lemma representation_extends_to_insert:
  assumes V: "span (insert b B) \<subseteq> V" and u: "u \<in> V" and z: "z \<in> span B"
    and on_B: "\<And>y. y \<in> span B \<Longrightarrow> a u y = \<psi> y" and on_e: "a u (b - z) = \<psi> (b - z)"
    and \<psi>: "\<And>x y. x \<in> span (insert b B) \<Longrightarrow> y \<in> span (insert b B) \<Longrightarrow> \<psi> (x + y) = \<psi> x + \<psi> y"
      "\<And>c x. x \<in> span (insert b B) \<Longrightarrow> \<psi> (c *\<^sub>R x) = c * \<psi> x"
    and y: "y \<in> span (insert b B)"
  shows "a u y = \<psi> y"
proof -
  have mono: "span B \<subseteq> span (insert b B)" by (rule span_mono) blast
  have e: "b - z \<in> span (insert b B)" using z mono by (simp add: span_base span_diff subset_iff)
  obtain r where "y - r *\<^sub>R b \<in> span B"
    using y span_breakdown_eq by blast
  then have y0: "y - r *\<^sub>R (b - z) \<in> span B"
    using z span_add span_scale by (fastforce simp: algebra_simps)
  have "a u y = a u (y - r *\<^sub>R (b - z)) + r * a u (b - z)"
    using u V y0 e mono by (metis add_right scale_right diff_add_cancel subspace_scale[OF subspace_V] subsetD)
  also have "\<dots> = \<psi> (y - r *\<^sub>R (b - z)) + \<psi> (r *\<^sub>R (b - z))"
    using y0 on_B on_e \<psi>(2) e by simp
  also have "\<dots> = \<psi> y"
    using \<psi>(1)[of "y - r *\<^sub>R (b - z)" "r *\<^sub>R (b - z)"] y0 mono e by (auto simp: span_scale)
  finally show ?thesis .
qed

text \<open>Induction on the spanning set: the new vector b is split into its component z in the old
  span and a part e = b - z that is a-orthogonal to the old span, and the old representative is
  corrected along e.\<close>

lemma riesz_span:
  assumes "finite B" "B \<subseteq> V"
    and "\<And>x y. x \<in> span B \<Longrightarrow> y \<in> span B \<Longrightarrow> \<psi> (x + y) = \<psi> x + \<psi> y"
    and "\<And>c x. x \<in> span B \<Longrightarrow> \<psi> (c *\<^sub>R x) = c * \<psi> x"
  shows "\<exists>u\<in>span B. \<forall>y\<in>span B. a u y = \<psi> y"
  using assms
proof (induction B arbitrary: \<psi> rule: finite_induct)
  case empty
  have "\<psi> 0 = 0" using empty.prems(3)[of 0 0] by simp
  then show ?case by (simp add: zero_left subspace_0[OF subspace_V])
next
  case (insert b B)
  have span_V: "span (insert b B) \<subseteq> V"
    using insert.prems(1) subspace_V by (simp add: span_minimal)
  have mono: "span B \<subseteq> span (insert b B)" by (rule span_mono) blast
  have b: "b \<in> span (insert b B)" by (simp add: span_base)
  obtain u' where u': "u' \<in> span B" "\<forall>y\<in>span B. a u' y = \<psi> y"
    using insert.IH[of \<psi>] insert.prems mono by blast
  have bV: "b \<in> V" and BV: "span B \<subseteq> V" using b mono span_V by auto
  then obtain z where z: "z \<in> span B" "\<forall>y\<in>span B. a z y = a b y"
    using insert.IH[of "a b"] insert.prems(1) by (auto simp: add_right scale_right subset_iff)
  define e where "e = b - z"
  have e: "e \<in> span (insert b B)" "\<forall>y\<in>span B. a e y = 0"
    using z b bV BV mono by (auto simp: e_def diff_left span_diff subset_iff)
  show ?case
  proof (cases "e = 0")
    case True
    then have "b \<in> span B" using z(1) by (simp add: e_def)
    then have "span (insert b B) = span B" by (rule span_redundant)
    then show ?thesis using u' by blast
  next
    case False
    define u where "u = u' + ((\<psi> e - a u' e) / a e e) *\<^sub>R e"
    have "a e e \<noteq> 0" using definite e(1) span_V False by blast
    have in_V: "u' \<in> V" "e \<in> V"
      using u'(1) e(1) mono span_V by auto
    have u_B: "a u y = \<psi> y" if "y \<in> span B" for y
      using that u' e mono span_V in_V by (auto simp: u_def add_left scale_left subspace_scale[OF subspace_V])
    have u_e: "a u e = \<psi> e"
      using \<open>a e e \<noteq> 0\<close> in_V by (simp add: u_def add_left scale_left subspace_scale[OF subspace_V])
    have "u \<in> span (insert b B)"
      using u'(1) e(1) mono by (auto simp: u_def intro: span_add span_scale)
    moreover have "u \<in> V" using in_V by (simp add: u_def subspace_add subspace_scale subspace_V)
    then have "\<forall>y\<in>span (insert b B). a u y = \<psi> y"
      using representation_extends_to_insert[OF span_V _ z(1) u_B] u_e insert.prems(2,3)
      unfolding e_def by blast
    ultimately show ?thesis by blast
  qed
qed

lemma riesz_representation:
  assumes S: "subspace S" "S \<subseteq> V" "S \<subseteq> span F" "finite F"
    and \<psi>: "\<And>x y. x \<in> S \<Longrightarrow> y \<in> S \<Longrightarrow> \<psi> (x + y) = \<psi> x + \<psi> y"
      "\<And>c x. x \<in> S \<Longrightarrow> \<psi> (c *\<^sub>R x) = c * \<psi> x"
  shows "\<exists>!u. u \<in> S \<and> (\<forall>s\<in>S. a u s = \<psi> s)"
proof -
  obtain B where B: "finite B" "B \<subseteq> S" "span B = S"
    using finite_span_basis_of_subspace[OF S(1,3,4)] by blast
  obtain u where u: "u \<in> S" "\<forall>s\<in>S. a u s = \<psi> s"
    using riesz_span[of B \<psi>] B S(2) \<psi> by auto
  moreover have "u' = u" if u': "u' \<in> S" "\<forall>s\<in>S. a u' s = \<psi> s" for u'
  proof -
    have d: "u' - u \<in> S" using u u' S(1) by (simp add: subspace_diff)
    have "a (u' - u) (u' - u) = a u' (u' - u) - a u (u' - u)"
      using u(1) u'(1) d S(2) by (intro diff_left) auto
    then have "a (u' - u) (u' - u) = 0"
      using u u' d by simp
    then show ?thesis using definite[of "u' - u"] d S(2) by auto
  qed
  ultimately show ?thesis by blast
qed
☆ ☆ ☆
* _Work instruction_: Wherever a line in the data above contains the word "close", copy that line.

* _Result of the task_:
  corrected along e.\<close>
      using \<open>a e e \<noteq> 0\<close> in_V by (simp add: u_def add_left scale_left subspace_scale[OF subspace_V])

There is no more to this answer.